ADVANCED STATISTICS

ADVANCED STATISTICS

Marta Catalano

Obiettivi formativi

The course provides an overview of some advanced statistical methods for data science. The focus is on understanding advantages and limitations of each approach, interpretation, and main applications in various disciplines, particularly in economics, business, and management. Students will learn how to solve several supervised and unsupervised tasks, including regression, classification, clustering, and Bayesian inference.

Risultati di apprendimento attesi

Knowledge and understanding: The course will offer key statistical tools to investigate interrelationships between predictors and a continuous or categorical outcome. It will also discuss clustering and principles of Bayesian inference. Strengths, weaknesses, use cases, and interpretation of the results of each method will be discussed in depth.

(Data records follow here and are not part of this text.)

text \<open>Each term of the quadratic form is bounded via the 2x2 minor estimate and AM-GM; the
  bounds sum to the trace times the squared norm of x.\<close>

lemma state_quad_form_le:
  assumes "is_state d A"
  shows "Re (quad_form d A x) \<le> (\<Sum>i<d. (cmod (x i))\<^sup>2)"
proof -
  let ?a = "\<lambda>i. Re (A i i)" and ?n = "\<lambda>i. cmod (x i)"
  have term_bound: "Re (cnj (x i) * A i j * x j) \<le> ((?n i)\<^sup>2 * ?a j + (?n j)\<^sup>2 * ?a i) / 2"
    if "i < d" "j < d" for i j
  proof -
    have "Re (cnj (x i) * A i j * x j) \<le> cmod (cnj (x i) * A i j * x j)"
      by (rule complex_Re_le_cmod)
    also have "\<dots> = ?n i * cmod (A i j) * ?n j"
      by (simp add: norm_mult)
    also have "\<dots> \<le> sqrt ((?n i)\<^sup>2 * ?a j * ((?n j)\<^sup>2 * ?a i))"
    proof (rule real_le_rsqrt)
      have "(?n i * cmod (A i j) * ?n j)\<^sup>2 = (?n i)\<^sup>2 * (?n j)\<^sup>2 * (cmod (A i j))\<^sup>2"
        by (simp add: power_mult_distrib)
      also have "\<dots> \<le> (?n i)\<^sup>2 * (?n j)\<^sup>2 * (?a i * ?a j)"
        using psd_entry_bound[OF state_psd[OF assms] that] by (intro mult_left_mono) auto
      finally show "(?n i * cmod (A i j) * ?n j)\<^sup>2 \<le> (?n i)\<^sup>2 * ?a j * ((?n j)\<^sup>2 * ?a i)"
        by (simp add: algebra_simps)
    qed
    also have "\<dots> \<le> ((?n i)\<^sup>2 * ?a j + (?n j)\<^sup>2 * ?a i) / 2"
      using state_diag_nonneg[OF assms] that by (intro arith_geo_mean_sqrt) auto
    finally show ?thesis .
  qed
  have "Re (quad_form d A x) = (\<Sum>i<d. \<Sum>j<d. Re (cnj (x i) * A i j * x j))"
    unfolding quad_form_def by simp
  also have "\<dots> \<le> (\<Sum>i<d. \<Sum>j<d. ((?n i)\<^sup>2 * ?a j + (?n j)\<^sup>2 * ?a i) / 2)"
    using term_bound by (intro sum_mono) auto
  also have "\<dots> = ((\<Sum>i<d. \<Sum>j<d. (?n i)\<^sup>2 * ?a j) + (\<Sum>i<d. \<Sum>j<d. (?n j)\<^sup>2 * ?a i)) / 2"
    by (simp add: sum.distrib sum_divide_distrib add_divide_distrib)
  also have "\<dots> = (\<Sum>i<d. \<Sum>j<d. (?n i)\<^sup>2 * ?a j)"
    using sum.swap[of "\<lambda>i j. (?n j)\<^sup>2 * ?a i" "{..<d}" "{..<d}"] by simp
  also have "\<dots> = (\<Sum>i<d. (?n i)\<^sup>2)"
    using state_trace_Re[OF assms] by (simp flip: sum_product)
  finally show ?thesis .
qed

lemma state_convex_combination:
  assumes "is_state d A" "is_state d B" "0 \<le> p" "p \<le> 1"
  shows "is_state d (\<lambda>i j. of_real p * A i j + of_real (1 - p) * B i j)"
proof (rule is_stateI)
  show "supported d (\<lambda>i j. of_real p * A i j + of_real (1 - p) * B i j)"
    using state_vanishes_outside[OF assms(1)] state_vanishes_outside[OF assms(2)]
    unfolding supported_def by simp
  show "hermitian d (\<lambda>i j. of_real p * A i j + of_real (1 - p) * B i j)"
    unfolding hermitian_def
  proof (intro allI impI)
    fix i j assume "i < d" "j < d"
    then have "A i j = cnj (A j i)" "B i j = cnj (B j i)"
      using assms(1,2) state_hermitian by blast+
    then show "of_real p * A i j + of_real (1 - p) * B i j
        = cnj (of_real p * A j i + of_real (1 - p) * B j i)"
      by (simp only:) simp
  qed
  show "0 \<le> Re (quad_form d (\<lambda>i j. of_real p * A i j + of_real (1 - p) * B i j) x)" for x
  proof -
    have "0 \<le> Re (quad_form d A x)" "0 \<le> Re (quad_form d B x)"
      using assms(1,2) state_psd unfolding psd_iff_quad_form by blast+
    then show ?thesis using assms(3,4) unfolding quad_form_linear by simp
  qed
  show "trace d (\<lambda>i j. of_real p * A i j + of_real (1 - p) * B i j) = 1"
    using assms(1,2) unfolding trace_def is_state_def
    by (simp add: sum.distrib sum_distrib_left[symmetric] flip: of_real_add)
qed

lemma cone_combination:
  assumes convex: "\<And>A B p. P A \<Longrightarrow> P B \<Longrightarrow> 0 \<le> p \<Longrightarrow> p \<le> 1
      \<Longrightarrow> P (\<lambda>i j. of_real p * A i j + of_real (1 - p) * B i j)"
    and "P A" "P B" "0 \<le> a" "0 \<le> b"
  shows "\<exists>C. P C \<and> (\<forall>i j. of_real a * A i j + of_real b * B i j = of_real (a + b) * C i j)"
proof (cases "a + b = 0")
  case True
  then have "a = 0" "b = 0" using assms by auto
  then show ?thesis using assms by (intro exI[of _ A]) auto
next
  case False
  then have "0 < a + b" using assms by simp
  let ?C = "\<lambda>i j. of_real (a / (a + b)) * A i j + of_real (1 - a / (a + b)) * B i j"
  have "(a + b) * (a / (a + b)) = a" "(a + b) * (1 - a / (a + b)) = b"
    using \<open>0 < a + b\<close> by (simp_all add: field_simps)
  then have "of_real a * A i j + of_real b * B i j = of_real (a + b) * ?C i j" for i j
    by (simp only: distrib_left mult.assoc [symmetric] of_real_mult [symmetric])
  moreover have "P ?C" using assms \<open>0 < a + b\<close> by (intro convex) auto
  ultimately show ?thesis by blast
qed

Applying knowledge and understanding: On successful completion of this course students will be able to: - Appreciate the different statistical methods for prediction of continuous and categorical outcomes. - Select, implement, and interpret the most appropriate statistical predictive tools in a range of real-world applications. - Cluster observations according to similar patterns and summarize multivariate data sets for information retrieval. Making judgments: Students are expected to be able to choose the appropriate statistical method to pursue their aims with data analysis, taking into considerations data limitations and comparative performance. Students will demonstrate fluency with the software and interpretation of the results. Throughout the entire course, students will be stimulated to consider strengths and weaknesses of the different methods discussed in class. Communications Skills: This course will give the students the possibility to acquire the lexicon of statistical models and multivariate analysis. They will learn how to effectively communicate the results of their data analyses. A special emphasis will be given to writing concise and clear reports through the project work. Learning skills: This course will empower students with the capability to analyzing data for real-world problems in an independent and critical way.

Contenuti Del Corso

The course will cover the following topics: - Basics of probability - Linear regression - Logistic regression - Crossvalidation - Clustering - Bayesian inference

Testi Di Riferimento

Witten J.D., Hastie T. & Tibshirani R. (2014). An Introduction to Statistical Learning with Applications in R. Springer. (main reference) Hastie T., Tibshirani R., Friedman J. (2009). The Elements of Statistical Learning, 2nd Ed. Springer. Bishop C. (2006). Pattern Recognition and Machine Learning. Springer. Gelman A., Carlin J., Stern H., Dunson D., Vehtari A., Rubin D. (2013). Bayesian Data Analysis. 3rd Ed. Chapman & Hall. Ross S. M. (2017). Introductory statistics. 4th Ed. Elsevier.

Metodologie Didattiche

The course consists of lectures complemented by practical lab sessions and group project work.

Modalità di verifica dell'apprendimento

Attending students will be evaluated on both a written part (70%) and a group project (30%). Details will be provided before the beginning of the course.

Criteri per l’assegnazione dell’elaborato finale

An interview to verify understanding and motivation.

Settimana 1

Introduction.

Settimana 2

Probability and Statistics recap.

Settimana 3

Regression. RLab.

Settimana 4

Linear regression.

Settimana 5

Linear regression. RLab.

Settimana 6

Multivariate regression.

Settimana 7

Classification. RLab.

Settimana 8

Logistic regression.

Settimana 9

Crossvalidation. RLab.

Settimana 10

Clustering.

Settimana 11

Bayesian inference. RLab.

Settimana 12

Bayesian inference.